# Hereford Cattle Market - Pre Demolition



## spooksprings (Oct 11, 2012)

*Hereford Cattle Market Pre-Demolition*

Is it possible for me to get nostalgic about some cheap built homage to the sacrifices and slaughter of the
old gods, that I have not once visited? Yes, because knowing that this edifice is present in the town gives 
impression and character to it, a power that is unseen on the streets. It is a mirror to those who trade in
modern day slave labour.

But never mind (!) it has moved elsewhere the bricks will be recycled and the asbestos reused in children's 
schools. As for the site, it remains and will be used for a new Tesco! Imagine that, 3 Tescos in one town! 
That's like a Sunday sale bargain! Forever cursed will they be with the mooing of the ages.

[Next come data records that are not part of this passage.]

lemma card_tail_len_0_le:
  fixes F :: "('a \<Rightarrow> 'a) set"
  assumes A: "finite A" "v \<in> A" and F: "finite F" "\<And>f. f \<in> F \<Longrightarrow> f ` A \<subseteq> A"
  shows "card {f \<in> F. tail_len f v = 0}
    \<le> (\<Sum>ys | distinct ys \<and> set ys \<subseteq> A - {v}.
          card {f \<in> F. \<forall>(x, y)\<in>set (zip (v # ys) (ys @ [v])). f x = y})"
proof -
  define L where "L = {ys. distinct ys \<and> set ys \<subseteq> A - {v}}"
  define C where "C ys = {f \<in> F. \<forall>(x, y)\<in>set (zip (v # ys) (ys @ [v])). f x = y}" for ys
  have L: "finite L"
    unfolding L_def using finite_subset_distinct[of "A - {v}"] A by (simp add: conj_commute)
  have "{f \<in> F. tail_len f v = 0} \<subseteq> (\<Union>ys\<in>L. C ys)"
  proof
    fix f assume f: "f \<in> {f \<in> F. tail_len f v = 0}"
    then obtain ys where "distinct ys" "set ys \<subseteq> A - {v}"
        "\<forall>(x, y)\<in>set (zip (v # ys) (ys @ [v])). f x = y"
      using tail_len_0_imp_cycle[OF A(1) F(2) A(2)] by blast
    then show "f \<in> (\<Union>ys\<in>L. C ys)"
      using f by (auto simp: L_def C_def)
  qed
  then have "card {f \<in> F. tail_len f v = 0} \<le> card (\<Union>ys\<in>L. C ys)"
    using F L by (intro card_mono finite_UN_I) (auto simp: C_def)
  also have "\<dots> \<le> (\<Sum>ys\<in>L. card (C ys))"
    by (rule card_UN_le[OF L])
  finally show ?thesis
    unfolding L_def C_def .
qed
(* The big-O problem for instances $(\mathcal{W},s,s')$ with $L_s(\mathcal{W})$ and $L_{s'}(\mathcal{W})$ letter-bounded reduces algorithmically to the big-O problem for instances whose two languages are plus-letter-bounded; that is, it is decidable by an algorithm with access to an oracle for the latter problem.
   Context: A (non-negative) weighted automaton is $\langle Q,\Sigma,M,F\rangle$ with finite $Q$, finite $\Sigma$, $M:\Sigma\to\mathbb{Q}_{\ge0}^{Q\times Q}$, $F\subseteq Q$; $\nu_s(a_1\cdots a_n)=\sum_{t\in F}(M(a_1)\cdots M(a_n))_{s,t}$ and $L_s(\mathcal{W})=\{w:\nu_s(w)>0\}$. State $s$ is big-O of $s'$ if there is $C>0$ with $\nu_s(w)\le C\nu_{s'}(w)$ for all $w\in\Sigma^*$; the big-O problem asks this for given $(\mathcal{W},s,s')$. A language $L$ is letter-bounded if $L\subseteq a_1^*\cdots a_m^*$, and plus-letter-bounded if $L\subseteq a_1^+\cdots a_m^+$, for some letters $a_1,\dots,a_m\in\Sigma$. *)

theory Defs
  imports "Jordan_Normal_Form.Matrix" "HOL-Library.Nat_Bijection"
begin

(* States are 0..<nstates, letters are 0..<nletters; trans a is the
  (nstates x nstates) non-negative rational matrix M(a); final is F. *)

record wa =
  nstates :: nat
  nletters :: nat
  trans :: "nat \<Rightarrow> rat mat"
  final :: "nat set"

definition wf_wa :: "wa \<Rightarrow> bool" where
  "wf_wa A \<longleftrightarrow>
     (\<forall>a < nletters A. trans A a \<in> carrier_mat (nstates A) (nstates A)
        \<and> (\<forall>i < nstates A. \<forall>j < nstates A. trans A a $$ (i, j) \<ge> 0))
     \<and> final A \<subseteq> {..<nstates A}"

definition words :: "wa \<Rightarrow> nat list set" where
  "words A = lists {..<nletters A}"

definition nu :: "wa \<Rightarrow> nat \<Rightarrow> nat list \<Rightarrow> rat" where
  "nu A s w = (\<Sum>t\<in>final A. (foldr (*) (map (trans A) w) (1\<^sub>m (nstates A))) $$ (s, t))"
(* Let $S$ be epsilon-strongly graded and let $r$ be a minimal element of $B(\mathcal{E}_G)^*$. Then the following are equivalent: (i) $r$ is $\gamma$-invariant, i.e. $\gamma_g(r\epsilon_{g^{-1}})=r\epsilon_g$ for all $g\in G$; (ii) $r\in Z(S)$; (iii) $N(r)=\{g\in G: r\epsilon_g=r\}$ is a subgroup of $G$.
   Context: $G$ is a group with identity $e$; $S=\bigoplus_{g\in G}S_g$ is an associative unital ring graded by $G$, $R=S_e$, $XY$ denotes finite sums of products. $S$ is epsilon-strongly graded: for each $g\in G$ the ideal $S_gS_{g^{-1}}$ of $R$ has an identity element $\epsilon_g$ satisfying $\epsilon_gs=s=s\epsilon_{g^{-1}}$ for all $s\in S_g$; $\epsilon_e=1_S$. Each $\epsilon_g$ is an idempotent in the center $Z(R)$ of $R$. For each $g$ fix $n_g\in\mathbb{N}$, $u_g^{(i)}\in S_g$, $v_{g^{-1}}^{(i)}\in S_{g^{-1}}$ with $\sum_{i=1}^{n_g}u_g^{(i)}v_{g^{-1}}^{(i)}=\epsilon_g$ (with $n_e=1$, $u_e^{(1)}=v_e^{(1)}=1$), and define $\gamma_g:S\to S$, $\gamma_g(s)=\sum_{i=1}^{n_g}u_g^{(i)}sv_{g^{-1}}^{(i)}$. $\mathcal{E}_G=\{\epsilon_g:g\in G\}$, $B(\mathcal{E}_G)$ is the multiplicative (Boolean) semigroup generated by $\mathcal{E}_G$, and $B(\mathcal{E}_G)^*=B(\mathcal{E}_G)\setminus\{0\}$, partially ordered by $a\le b$ iff $a=ab$. $Z(S)$ denotes the center of $S$. *)

theory Defs
  imports Main
begin

text \<open>The group G is a type of class group_add (operation +, identity 0, inverse uminus;
  not assumed commutative).\<close>

definition add_subgroup :: "'a::ring_1 set \<Rightarrow> bool" where
  "add_subgroup A \<longleftrightarrow> 0 \<in> A \<and> (\<forall>x\<in>A. \<forall>y\<in>A. x + y \<in> A) \<and> (\<forall>x\<in>A. - x \<in> A)"

definition graded_ring :: "('g::group_add \<Rightarrow> 'a::ring_1 set) \<Rightarrow> bool" where
  "graded_ring Sg \<longleftrightarrow>
     (\<forall>g. add_subgroup (Sg g)) \<and>
     (\<forall>g h. \<forall>x\<in>Sg g. \<forall>y\<in>Sg h. x * y \<in> Sg (g + h)) \<and>
     (\<forall>s. \<exists>!f. (\<forall>g. f g \<in> Sg g) \<and> finite {g. f g \<noteq> 0} \<and> s = (\<Sum>g\<in>{g. f g \<noteq> 0}. f g))"

definition prodset :: "'a::ring_1 set \<Rightarrow> 'a set \<Rightarrow> 'a set" where
  "prodset X Y = {(\<Sum>i<(n::nat). x i * y i) | n x y. \<forall>i<n. x i \<in> X \<and> y i \<in> Y}"

definition is_identity_of :: "'a::ring_1 set \<Rightarrow> 'a \<Rightarrow> bool" where
  "is_identity_of I e \<longleftrightarrow> e \<in> I \<and> (\<forall>x\<in>I. e * x = x \<and> x * e = x)"

definition eps :: "('g::group_add \<Rightarrow> 'a::ring_1 set) \<Rightarrow> 'g \<Rightarrow> 'a" where
  "eps Sg g = (THE e. is_identity_of (prodset (Sg g) (Sg (- g))) e)"

definition epsilon_strongly_graded :: "('g::group_add \<Rightarrow> 'a::ring_1 set) \<Rightarrow> bool" where
  "epsilon_strongly_graded Sg \<longleftrightarrow> graded_ring Sg \<and>
     (\<forall>g. \<exists>e. is_identity_of (prodset (Sg g) (Sg (- g))) e) \<and>
     (\<forall>g. \<forall>s\<in>Sg g. eps Sg g * s = s \<and> s * eps Sg (- g) = s)"

definition gamma :: "('g \<Rightarrow> nat) \<Rightarrow> ('g \<Rightarrow> nat \<Rightarrow> 'a::ring_1) \<Rightarrow> ('g \<Rightarrow> nat \<Rightarrow> 'a) \<Rightarrow> 'g \<Rightarrow> 'a \<Rightarrow> 'a" where
  "gamma n u v g s = (\<Sum>i<n g. u g i * s * v g i)"

definition B_E :: "('g::group_add \<Rightarrow> 'a::ring_1 set) \<Rightarrow> 'a set" where
  "B_E Sg = {foldr (*) (map (eps Sg) gs) 1 | gs. gs \<noteq> []}"

definition B_E_star :: "('g::group_add \<Rightarrow> 'a::ring_1 set) \<Rightarrow> 'a set" where
  "B_E_star Sg = B_E Sg - {0}"

definition bool_le :: "'a::ring_1 \<Rightarrow> 'a \<Rightarrow> bool" where
  "bool_le a b \<longleftrightarrow> a = a * b"

definition minimal_in :: "'a::ring_1 set \<Rightarrow> 'a \<Rightarrow> bool" where
  "minimal_in A r \<longleftrightarrow> r \<in> A \<and> (\<forall>a\<in>A. bool_le a r \<longrightarrow> a = r)"

definition center :: "'a::ring_1 set" where
  "center = {z. \<forall>s. z * s = s * z}"

definition N_set :: "('g::group_add \<Rightarrow> 'a::ring_1 set) \<Rightarrow> 'a \<Rightarrow> 'g set" where
  "N_set Sg r = {g. r * eps Sg g = r}"

definition is_subgroup :: "'g::group_add set \<Rightarrow> bool" where
  "is_subgroup H \<longleftrightarrow> 0 \<in> H \<and> (\<forall>x\<in>H. \<forall>y\<in>H. x + y \<in> H) \<and> (\<forall>x\<in>H. - x \<in> H)"

end

(*
  Everything rests on the commutation rule s \<epsilon>_h = \<epsilon>_(g+h) s for s \<in> S_g. It makes the
  \<epsilon>_g pairwise commuting idempotents of S_e, and it lets a homogeneous s of degree g move
  past a product \<epsilon>_g1 ... \<epsilon>_gk at the price of shifting every index by g. Minimality of r
  forces r \<epsilon>_k \<in> {0, r}, i.e. N(r) = {k. r \<epsilon>_k \<noteq> 0}.

  (i) <-> (ii): r commutes with S_e, hence \<gamma>_g(r) s = s r for s \<in> S_g, while
  r s = r \<epsilon>_g s = \<gamma>_g(r \<epsilon>_(-g)) s under (i).
  (ii) -> (iii): for central r one has r \<epsilon>_x = \<gamma>_x(r \<epsilon>_(-x)) and \<gamma>_x(r \<epsilon>_y) = r \<epsilon>_(x+y) \<epsilon>_x,
  which give closure of N(r) under inverses and sums.
  (iii) -> (ii): for g \<in> N(r), shifting r = \<epsilon>_g1 ... \<epsilon>_gk past s \<in> S_g by g or -g produces
  products over N(r), which r absorbs; so r s r equals both r s and s r. For g \<notin> N(r) both
  r s = r \<epsilon>_g s and s r = s \<epsilon>_(-g) r vanish.
*)
theory Submission
  imports Defs
begin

History: The last inner-city cattle market in England. Built circa 1950 with minimum costs, sparse heating. 
Features loading bays, cattle stables, an auction room and an accounts room with an old hydraulic money
pipe shoot and ancient electric motors. This building was a replacement of the earlier Victorian buildings. 
On Wednesdays the market would throng with all types of animal and produce, a popular day out not just 
for farmers. However, the cattle and sheep that were droved here have been for at least a 1000 years 
(up to at least 1970). They would have been shoeed and driven by foot as far away as North England.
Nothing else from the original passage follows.